If he doesn't like what you cook he can make himself a sandwich or cook for himself.

You cater to his limited preferences at the expense of your children's nutrition and learning to like lots of different foods. Plus, he needs to get off his ass and help with household work. You're not his maid.

EuclidianGeometryFan · 27/02/2025 11:43

OP, I think you need to tread a little carefully here.

He has only been putting in 50% of the bills into the joint account, despite earning a lot more than you. I know you said he pays for holidays and presumably other 'big' stuff, but I bet he has loads of savings and investments stashed away.

His contempt for you and misogyny is evident; he does not see you in any way as 'equal' to him, so I would guess he is not going to react well to the possibility of divorce.

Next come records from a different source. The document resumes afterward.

(* Let $f,g\in\mathbb{R}[x,y]$ with $f(0,0)=g(0,0)=0$, both regular in $x$, such that $\{f=0\}\subset\{g=0\}$ near the origin, and let $\mathscr{L}_g(f)$ be the Łojasiewicz exponent of $f$ with respect to $g$. (1) If $0<\mathscr{L}_g(f)<1$, then $\displaystyle\lim_{(x,y)\to(0,0)}\frac{g(x,y)}{f(x,y)}=0$. (2) If $\mathscr{L}_g(f)>1$, then the limit $\displaystyle\lim_{(x,y)\to(0,0)}\frac{g(x,y)}{f(x,y)}$ does not exist.
   Context: A polynomial $f=f_m+f_{m+1}+\cdots$ ($f_k$ homogeneous of degree $k$, $f_m\not\equiv0$, $m\ge1$) is regular in $x$ if $f_m(1,0)\neq0$. The Łojasiewicz exponent $\mathscr{L}_g(f)$ is the infimum of all $\alpha>0$ for which there exist $C,r>0$ with $|f(x,y)|\ge C|g(x,y)|^\alpha$ for $|(x,y)|\le r$. The limit is taken over points where $f\neq0$. *)

theory Defs
  imports "HOL-Analysis.Analysis" "HOL-Library.Extended_Real"
begin

text \<open>A real bivariate polynomial is represented by its coefficient function
  c :: nat \<times> nat \<Rightarrow> real with finite support; c (i,j) is the coefficient of x^i y^j.\<close>

definition bipoly :: "(nat \<times> nat \<Rightarrow> real) \<Rightarrow> bool" where
  "bipoly c \<longleftrightarrow> finite {ij. c ij \<noteq> 0}"

definition beval :: "(nat \<times> nat \<Rightarrow> real) \<Rightarrow> real \<times> real \<Rightarrow> real" where
  "beval c p = (\<Sum>(i,j)\<in>{ij. c ij \<noteq> 0}. c (i,j) * fst p ^ i * snd p ^ j)"

definition hom_part :: "(nat \<times> nat \<Rightarrow> real) \<Rightarrow> nat \<Rightarrow> real \<times> real \<Rightarrow> real" where
  "hom_part c k p = (\<Sum>(i,j)\<in>{ij. c ij \<noteq> 0 \<and> fst ij + snd ij = k}. c (i,j) * fst p ^ i * snd p ^ j)"

definition bord :: "(nat \<times> nat \<Rightarrow> real) \<Rightarrow> nat" where
  "bord c = (LEAST k. \<exists>i j. i + j = k \<and> c (i,j) \<noteq> 0)"

definition regular_x :: "(nat \<times> nat \<Rightarrow> real) \<Rightarrow> bool" where
  "regular_x c \<longleftrightarrow> (\<exists>ij. c ij \<noteq> 0) \<and> bord c \<ge> 1 \<and> hom_part c (bord c) (1,0) \<noteq> 0"

text \<open>Lojasiewicz exponent of f with respect to g (infimum in the extended reals;
  the infimum of the empty set is +\<infinity>).\<close>
definition loj_exp :: "(real \<times> real \<Rightarrow> real) \<Rightarrow> (real \<times> real \<Rightarrow> real) \<Rightarrow> ereal" where
  "loj_exp g f = Inf {ereal \<alpha> | \<alpha>. \<alpha> > 0 \<and> (\<exists>C r. C > 0 \<and> r > 0 \<and>
      (\<forall>p. norm p \<le> r \<longrightarrow> \<bar>f p\<bar> \<ge> C * \<bar>g p\<bar> powr \<alpha>))}"

end

theory Submission
  imports Defs
begin

text \<open>A bound \<open>C \<bar>g\<bar> powr \<alpha> \<le> \<bar>f\<bar>\<close> with \<open>\<alpha> < 1\<close> gives \<open>\<bar>g / f\<bar> \<le> \<bar>g\<bar> powr (1 - \<alpha>) / C\<close>,
  which tends to 0 because \<open>g\<close> is continuous and vanishes at the origin. Conversely, if \<open>g / f\<close>
  has a limit, it is bounded near the origin off \<open>{f = 0}\<close>; together with \<open>{f = 0} \<subseteq> {g = 0}\<close>
  this gives \<open>C \<bar>g\<bar> \<le> \<bar>f\<bar>\<close> near the origin, so the exponent is at most 1.\<close>

definition loj_bound :: "('a::real_normed_vector \<Rightarrow> real) \<Rightarrow> ('a \<Rightarrow> real) \<Rightarrow> real \<Rightarrow> bool" where
  "loj_bound g f \<alpha> \<longleftrightarrow> (\<exists>C>0. \<forall>\<^sub>F p in nhds 0. C * \<bar>g p\<bar> powr \<alpha> \<le> \<bar>f p\<bar>)"

lemma loj_exp_eq_Inf_loj_bound:
  "loj_exp g f = Inf {ereal \<alpha> | \<alpha>. 0 < \<alpha> \<and> loj_bound g f \<alpha>}"
proof -
  have "(\<exists>C r. C > 0 \<and> r > 0 \<and> (\<forall>p. norm p \<le> r \<longrightarrow> C * \<bar>g p\<bar> powr \<alpha> \<le> \<bar>f p\<bar>))
      \<longleftrightarrow> loj_bound g f \<alpha>" for \<alpha>
    unfolding loj_bound_def eventually_nhds_metric_le dist_norm by (simp add: conj_commute)
  then show ?thesis
    unfolding loj_exp_def by simp
qed

lemma loj_bound_if_loj_exp_less:
  assumes "loj_exp g f < ereal \<beta>"
  obtains \<alpha> where "0 < \<alpha>" "\<alpha> < \<beta>" "loj_bound g f \<alpha>"
  using assms unfolding loj_exp_eq_Inf_loj_bound Inf_less_iff by auto

lemma loj_exp_le_if_loj_bound:
  assumes "0 < \<alpha>" "loj_bound g f \<alpha>"
  shows "loj_exp g f \<le> ereal \<alpha>"
  unfolding loj_exp_eq_Inf_loj_bound by (rule Inf_lower) (use assms in blast)

lemma abs_divide_le_powr:
  fixes a b C \<alpha> :: real
  assumes "C > 0" "C * \<bar>b\<bar> powr \<alpha> \<le> \<bar>a\<bar>"
  shows "\<bar>b / a\<bar> \<le> \<bar>b\<bar> powr (1 - \<alpha>) / C"
proof (cases "b = 0")
  case False
  then have "a \<noteq> 0"
    using assms by (auto simp: mult_le_0_iff)
  with False have "\<bar>b / a\<bar> \<le> \<bar>b\<bar> / (C * \<bar>b\<bar> powr \<alpha>)"
    using assms by (auto intro!: divide_left_mono)
  also have "\<dots> = \<bar>b\<bar> powr (1 - \<alpha>) / C"
    using False by (simp add: powr_diff)
  finally show ?thesis .
qed simp

lemma tendsto_divide_zero_if_loj_bound:
  fixes f g :: "'a::real_normed_vector \<Rightarrow> real"
  assumes "loj_bound g f \<alpha>" "\<alpha> < 1" and g: "(g \<longlongrightarrow> 0) (at 0 within S)"
  shows "((\<lambda>p. g p / f p) \<longlongrightarrow> 0) (at 0 within S)"
proof -
  obtain C where "C > 0" and bound: "\<forall>\<^sub>F p in nhds 0. C * \<bar>g p\<bar> powr \<alpha> \<le> \<bar>f p\<bar>"
    using assms(1) unfolding loj_bound_def by blast
  have "\<forall>\<^sub>F p in at 0 within S. norm (g p / f p) \<le> \<bar>g p\<bar> powr (1 - \<alpha>) / C"
    using filter_leD[OF at_within_le_nhds bound]
    by eventually_elim (use \<open>C > 0\<close> abs_divide_le_powr in auto)
  moreover have "((\<lambda>p. \<bar>g p\<bar> powr (1 - \<alpha>)) \<longlongrightarrow> 0) (at 0 within S)"
    using \<open>\<alpha> < 1\<close> by (auto intro: tendsto_zero_powrI[OF tendsto_rabs_zero[OF g] tendsto_const])
  then have "((\<lambda>p. \<bar>g p\<bar> powr (1 - \<alpha>) / C) \<longlongrightarrow> 0) (at 0 within S)"
    by (rule tendsto_divide_zero)
  ultimately show ?thesis
    by (rule Lim_null_comparison)
qed

lemma loj_bound_one_if_tendsto_divide:
  fixes f g :: "'a::real_normed_vector \<Rightarrow> real"
  assumes "((\<lambda>p. g p / f p) \<longlongrightarrow> l) (at 0 within {p. f p \<noteq> 0})"
    and "f 0 = 0" and zeros: "\<forall>\<^sub>F p in nhds 0. f p = 0 \<longrightarrow> g p = 0"
  shows "loj_bound g f 1"
proof -
  define M where "M = \<bar>l\<bar> + 1"
  have "M > 0"
    by (simp add: M_def add_nonneg_pos)
  have "\<forall>\<^sub>F p in at 0 within {p. f p \<noteq> 0}. \<bar>g p / f p\<bar> < M"
    using order_tendstoD(2)[OF tendsto_rabs[OF assms(1)]] by (simp add: M_def)
  then have "\<forall>\<^sub>F p in at 0. f p \<noteq> 0 \<longrightarrow> \<bar>g p\<bar> \<le> M * \<bar>f p\<bar>"
    unfolding eventually_at_filter by eventually_elim (auto simp: divide_less_eq)
  with zeros have "\<forall>\<^sub>F p in nhds 0. \<bar>g p\<bar> \<le> M * \<bar>f p\<bar>"
    unfolding eventually_at_filter by eventually_elim (use \<open>f 0 = 0\<close> \<open>M > 0\<close> in auto)
  then have "\<forall>\<^sub>F p in nhds 0. 1 / M * \<bar>g p\<bar> powr 1 \<le> \<bar>f p\<bar>"
    by eventually_elim (use \<open>M > 0\<close> in \<open>simp add: mult.commute pos_divide_le_eq\<close>)
  with \<open>M > 0\<close> show ?thesis
    unfolding loj_bound_def by (intro exI[of _ "1 / M"]) simp
qed

lemma isCont_beval: "isCont (beval c) p"
  unfolding beval_def case_prod_unfold by (intro continuous_intros)

theorem proposition5p1:
  fixes cf cg :: "nat \<times> nat \<Rightarrow> real"
  defines "f \<equiv> beval cf" and "g \<equiv> beval cg"
  assumes "bipoly cf" and "bipoly cg"
    and "f (0,0) = 0" and "g (0,0) = 0"
    and "regular_x cf" and "regular_x cg"
    and "\<exists>r>0. \<forall>p. norm p < r \<longrightarrow> f p = 0 \<longrightarrow> g p = 0"
  shows "(0 < loj_exp g f \<and> loj_exp g f < 1 \<longrightarrow>
            ((\<lambda>p. g p / f p) \<longlongrightarrow> 0) (at (0,0) within {p. f p \<noteq> 0}))
       \<and> (loj_exp g f > 1 \<longrightarrow>
            \<not> (\<exists>l::real. ((\<lambda>p. g p / f p) \<longlongrightarrow> l) (at (0,0) within {p. f p \<noteq> 0})))"
proof (intro conjI impI notI)
  assume "0 < loj_exp g f \<and> loj_exp g f < 1"
  then obtain \<alpha> where \<alpha>: "loj_bound g f \<alpha>" "\<alpha> < 1"
    using loj_bound_if_loj_exp_less[of g f 1] by (auto simp: one_ereal_def)
  have "isCont g 0"
    unfolding g_def by (rule isCont_beval)
  then have "(g \<longlongrightarrow> 0) (at 0 within {p. f p \<noteq> 0})"
    using \<open>g (0,0) = 0\<close> unfolding isCont_def zero_prod_def by (auto intro: tendsto_within_subset)
  with \<alpha> show "((\<lambda>p. g p / f p) \<longlongrightarrow> 0) (at (0,0) within {p. f p \<noteq> 0})"
    unfolding zero_prod_def[symmetric] by (rule tendsto_divide_zero_if_loj_bound)
next
  assume "loj_exp g f > 1"
    and "\<exists>l. ((\<lambda>p. g p / f p) \<longlongrightarrow> l) (at (0,0) within {p. f p \<noteq> 0})"
  then obtain l where "((\<lambda>p. g p / f p) \<longlongrightarrow> l) (at 0 within {p. f p \<noteq> 0})"
    by (auto simp: zero_prod_def)
  moreover have "f 0 = 0"
    using \<open>f (0,0) = 0\<close> by (simp add: zero_prod_def)
  moreover have "\<forall>\<^sub>F p in nhds 0. f p = 0 \<longrightarrow> g p = 0"
    using assms(9) unfolding eventually_nhds_metric by (auto simp: dist_norm)
  ultimately have "loj_bound g f 1"
    by (rule loj_bound_one_if_tendsto_divide)
  then have "loj_exp g f \<le> 1"
    using loj_exp_le_if_loj_bound[of 1 g f] by (simp add: one_ereal_def)
  with \<open>loj_exp g f > 1\<close> show False
    by simp
qed

end
lemma set_integral_sums_nonneg:
  fixes f :: "nat \<Rightarrow> real \<Rightarrow> real"
  assumes integrable: "\<And>n. set_integrable lborel {0..} (f n)"
    and nonneg: "\<And>n t. t \<ge> 0 \<Longrightarrow> f n t \<ge> 0"
    and pointwise: "\<And>t. t \<ge> 0 \<Longrightarrow> (\<lambda>n. f n t) sums g t"
    and integrals_summable: "summable (\<lambda>n. LBINT t:{0..}. f n t)"
  shows "(\<lambda>n. LBINT t:{0..}. f n t) sums (LBINT t:{0..}. g t)"
proof -
  have abs_eq: "(LBINT t:{0..}. \<bar>f n t\<bar>) = (LBINT t:{0..}. f n t)" for n
    using nonneg by (intro set_lebesgue_integral_cong) auto
  have "(\<lambda>n. LBINT t:{0..}. f n t) sums (LBINT t:{0..}. (\<Sum>n. f n t))"
    by (rule set_integral_sums[OF integrable])
       (use nonneg pointwise integrals_summable abs_eq in \<open>auto simp: sums_iff\<close>)
  also have "(LBINT t:{0..}. (\<Sum>n. f n t)) = (LBINT t:{0..}. g t)"
    using pointwise by (intro set_lebesgue_integral_cong) (auto simp: sums_iff)
  finally show ?thesis .
qed

text \<open>Two elementary facts on rising factorials: (g)_n / (1+g)_n = g/(g+n), which
  identifies the coefficients of 2F1(1, g; 1+g; x), and n! \<le> (1+g)_n, which
  makes the Pfaff-side series converge absolutely.\<close>

lemma pochhammer_ratio:
  fixes g :: real assumes g: "g > 0"
  shows "pochhammer g n / pochhammer (1 + g) n = g / (g + n)"
proof -
  have "pochhammer g n * (g + n) = pochhammer g (Suc n)" by (rule pochhammer_Suc[symmetric])
  also have "\<dots> = g * pochhammer (1 + g) n" by (simp add: pochhammer_rec add.commute)
  finally have rec: "pochhammer g n * (g + n) = g * pochhammer (1 + g) n" .
  have "pochhammer (1 + g) n > 0" "g + n > 0" using g by (auto intro: pochhammer_pos)
  then show ?thesis using rec by (simp add: field_simps)
qed

lemma fact_le_pochhammer:
  fixes g :: real assumes g: "g > 0"
  shows "fact n \<le> pochhammer (1 + g) n"
proof (induction n)
  case (Suc n)
  have "fact (Suc n) = fact n * (1 + real n)" by (simp add: algebra_simps)
  also have "\<dots> \<le> pochhammer (1 + g) n * (1 + g + real n)"
    using Suc g by (intro mult_mono) (auto intro: less_imp_le[OF pochhammer_pos])
  finally show ?case by (simp add: pochhammer_Suc)
qed simp

text \<open>Integrals of the form int_0^oo e^(-d t) (1 - e^(-l t))^n dt (a Beta integral after
  the substitution u = e^(-l t)); they are the coefficients in the Pfaff-side expansion.\<close>

context
  fixes d l :: real assumes d: "d > 0" and l: "l > 0"
begin

lemma beta_integrand_integrable:
  "set_integrable lborel {0..} (\<lambda>t. exp (-d*t) * (1 - exp (-l*t))^n)"
proof (rule set_integrable_bound[OF exp_integral(1)[OF d]])
  show "set_borel_measurable lborel {0..} (\<lambda>t. exp (-d*t) * (1 - exp (-l*t))^n)"
    unfolding set_borel_measurable_def by measurable
  show "AE t in lborel. t \<in> {0..} \<longrightarrow>
      norm (exp (-d*t) * (1 - exp (-l*t))^n) \<le> norm (exp (-d*t))"
  proof (rule AE_I2, rule impI)
    fix t :: real assume "t \<in> {0..}"
    then have "\<bar>1 - exp (-l*t)\<bar>^n \<le> 1" using l by (intro power_le_one) auto
    then show "norm (exp (-d*t) * (1 - exp (-l*t))^n) \<le> norm (exp (-d*t))"
      by (simp add: abs_mult power_abs)
  qed
qed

I conclude he is highly likely to try and hide money and assets from you during the divorce process, and to make everything as difficult and legally expensive as possible.

To use the MN cliches, keep your powder dry, get your ducks in a row, and play your cards close to your chest.
In other words, don't mention the 'D' word, or let on just how unhappy you are, until after you have done your investigations into his finances and taken copies of all important documents.
Do you know about ALL his savings, investments, bank accounts, pensions, crypto, etc.? Take evidence of account numbers, balances, etc. ready to give to your lawyer.

You say he is a good person with a heart of gold, but divorce has a way of bringing out the worst of even the very best human beings.

Howmanycatsistoomany · 27/02/2025 11:44

As others have said, you need to drop the rope. No need to cook two separate meals or batch cook for him or for you and your kids to eat according to his preferences. If he doesn't want to eat whatever you cook, then he sorts his own meal. Simples.